Recently, however, we’ve seen a push against this phenomenon. Some of this, admittedly, has the tone of politics—an anonymous social media activist group, Sleeping Giants, is specifically responsible for more than 1,000 companies dropping their advertising from the conservative news website Breitbart—but a much larger part of it is that advertisers are starting to take more seriously the association between an ad and the page where that ad is located. Whether you agree with this specific tactic or not, it nonetheless has proved effective.

Interestingly enough, the outcry around brand safety picked up due to a membership program. The Guardian, the celebrated London-based newspaper, had been advertising its program through the Google-owned AdX ad exchange, but discovered that its ads were placed directly next to extremist materials located on YouTube.
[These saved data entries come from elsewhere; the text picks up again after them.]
text \<open>The solution of \<open>D (j + P) = d * D j - m j\<close> that is periodic with period \<open>q * P\<close>.\<close>

definition recurrence_solution :: "nat \<Rightarrow> nat \<Rightarrow> nat \<Rightarrow> (nat \<Rightarrow> real) \<Rightarrow> nat \<Rightarrow> real" where
  "recurrence_solution d q P m j = (\<Sum>i<q. real d ^ (q - 1 - i) * m (j + i * P)) / (real d ^ q - 1)"

lemma recurrence_iterate:
  fixes D m :: "nat \<Rightarrow> real"
  assumes rec: "\<And>j. D (j + P) = real d * D j - m j"
  shows "real d ^ s * D j = D (j + s * P) + (\<Sum>i<s. real d ^ (s - 1 - i) * m (j + i * P))"
proof (induction s)
  case (Suc s)
  have "real d ^ Suc s * D j = real d * (real d ^ s * D j)" by simp
  also have "\<dots> = real d * D (j + s * P) + (\<Sum>i<s. real d * real d ^ (s - 1 - i) * m (j + i * P))"
    unfolding Suc by (simp add: distrib_left sum_distrib_left mult.assoc)
  also have "real d * D (j + s * P) = D (j + Suc s * P) + m (j + s * P)"
    using rec[of "j + s * P"] by (simp add: algebra_simps)
  also have "(\<Sum>i<s. real d * real d ^ (s - 1 - i) * m (j + i * P)) = (\<Sum>i<s. real d ^ (Suc s - 1 - i) * m (j + i * P))"
    by (intro sum.cong) (auto simp: Suc_diff_Suc simp flip: power_Suc)
  finally show ?case by (simp add: algebra_simps)
qed simp

lemma one_less_real_power: "2 \<le> d \<Longrightarrow> 0 < q \<Longrightarrow> 1 < real d ^ q"
  by (intro one_less_power) auto

lemma periodic_recurrence_unique:
  fixes D m :: "nat \<Rightarrow> real"
  assumes rec: "\<And>j. D (j + P) = real d * D j - m j" and per: "periodic (q * P) D"
    and "2 \<le> d" "0 < q"
  shows "D j = recurrence_solution d q P m j"
proof -
  have "real d ^ q * D j = D (j + q * P) + (\<Sum>i<q. real d ^ (q - 1 - i) * m (j + i * P))"
    by (rule recurrence_iterate) (rule rec)
  also have "D (j + q * P) = D j" using per by (simp add: periodic_def)
  finally show ?thesis
    using one_less_real_power[OF assms(3,4)] by (simp add: recurrence_solution_def field_simps)
qed

lemma recurrence_solution_rec:
  assumes per: "periodic (q * P) m" and "2 \<le> d" "0 < q"
  shows "recurrence_solution d q P m (j + P) = real d * recurrence_solution d q P m j - m j"
proof -
  define a where "a i = real d ^ (q - i) * m (j + i * P)" for i
  have shifted: "(\<Sum>i<q. real d ^ (q - 1 - i) * m (j + P + i * P)) = (\<Sum>i<q. a (Suc i))"
    by (intro sum.cong) (auto simp: a_def algebra_simps)
  have scaled: "real d * (\<Sum>i<q. real d ^ (q - 1 - i) * m (j + i * P)) = (\<Sum>i<q. a i)"
    unfolding sum_distrib_left
    by (intro sum.cong) (auto simp: a_def Suc_diff_Suc simp flip: power_Suc)
  have "a q = m j" "a 0 = real d ^ q * m j"
    using per by (simp_all add: a_def periodic_def)
  then have "(\<Sum>i<q. a (Suc i)) = (\<Sum>i<q. a i) + m j - real d ^ q * m j"
    using sum_lessThan_telescope[of a q] by (simp add: sum_subtractf)
  then show ?thesis
    using one_less_real_power[OF assms(2,3)]
    unfolding recurrence_solution_def shifted scaled[symmetric] by (simp add: field_simps)
qed

lemma periodic_recurrence_solution:
  assumes "periodic n m"
  shows "periodic n (recurrence_solution d q P m)"
proof -
  have "m (j + n + i * P) = m (j + i * P)" for i j
    using assms unfolding periodic_def by (metis add.commute add.left_commute)
  then show ?thesis by (simp add: periodic_def recurrence_solution_def)
qed

lemma sum_periodic_recurrence:
  fixes g m :: "nat \<Rightarrow> real"
  assumes "periodic n g" and "\<And>j. g (j + P) = real d * g j - m j"
  shows "(real d - 1) * (\<Sum>j<n. g j) = (\<Sum>j<n. m j)"
proof -
  have "(\<Sum>j<n. g j) = (\<Sum>j<n. g (j + P))" by (rule sum_periodic_shift[OF assms(1), symmetric])
  also have "\<dots> = real d * (\<Sum>j<n. g j) - (\<Sum>j<n. m j)"
    by (simp add: assms(2) sum_subtractf sum_distrib_left)
  finally show ?thesis by (simp add: algebra_simps)
qed

lemma Ints_nonneg_if_greater_minus_1: "(x :: real) \<in> \<int> \<Longrightarrow> -1 < x \<Longrightarrow> 0 \<le> x"
  by (elim Ints_cases) simp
That led the company to block ad placements on YouTube entirely—something it acknowledged would cost the the newspaper potential revenue.

In a letter to the head of Google’s European operations, Guardian CEO David Pemsel called on the website to boost its transparency with advertisers around both its advertising products and where such ads are placed.

Brands choose those platforms to work hard for them to achieve all of their business and brand building objectives. But the most important of those priorities is ‘to do no harm.’

“Given the dominance of Google, DoubleClick and YouTube in the digital economy, many brands feel that it is essential to place advertising on your platform,” Pemsel wrote, according to a Guardian article. “It is therefore vital that Google, DoubleClick and YouTube uphold the highest standards in terms of openness, transparency, and measures to avoid advertising fraud and misplacement in the future. It is very clear that this is not the case at the moment.”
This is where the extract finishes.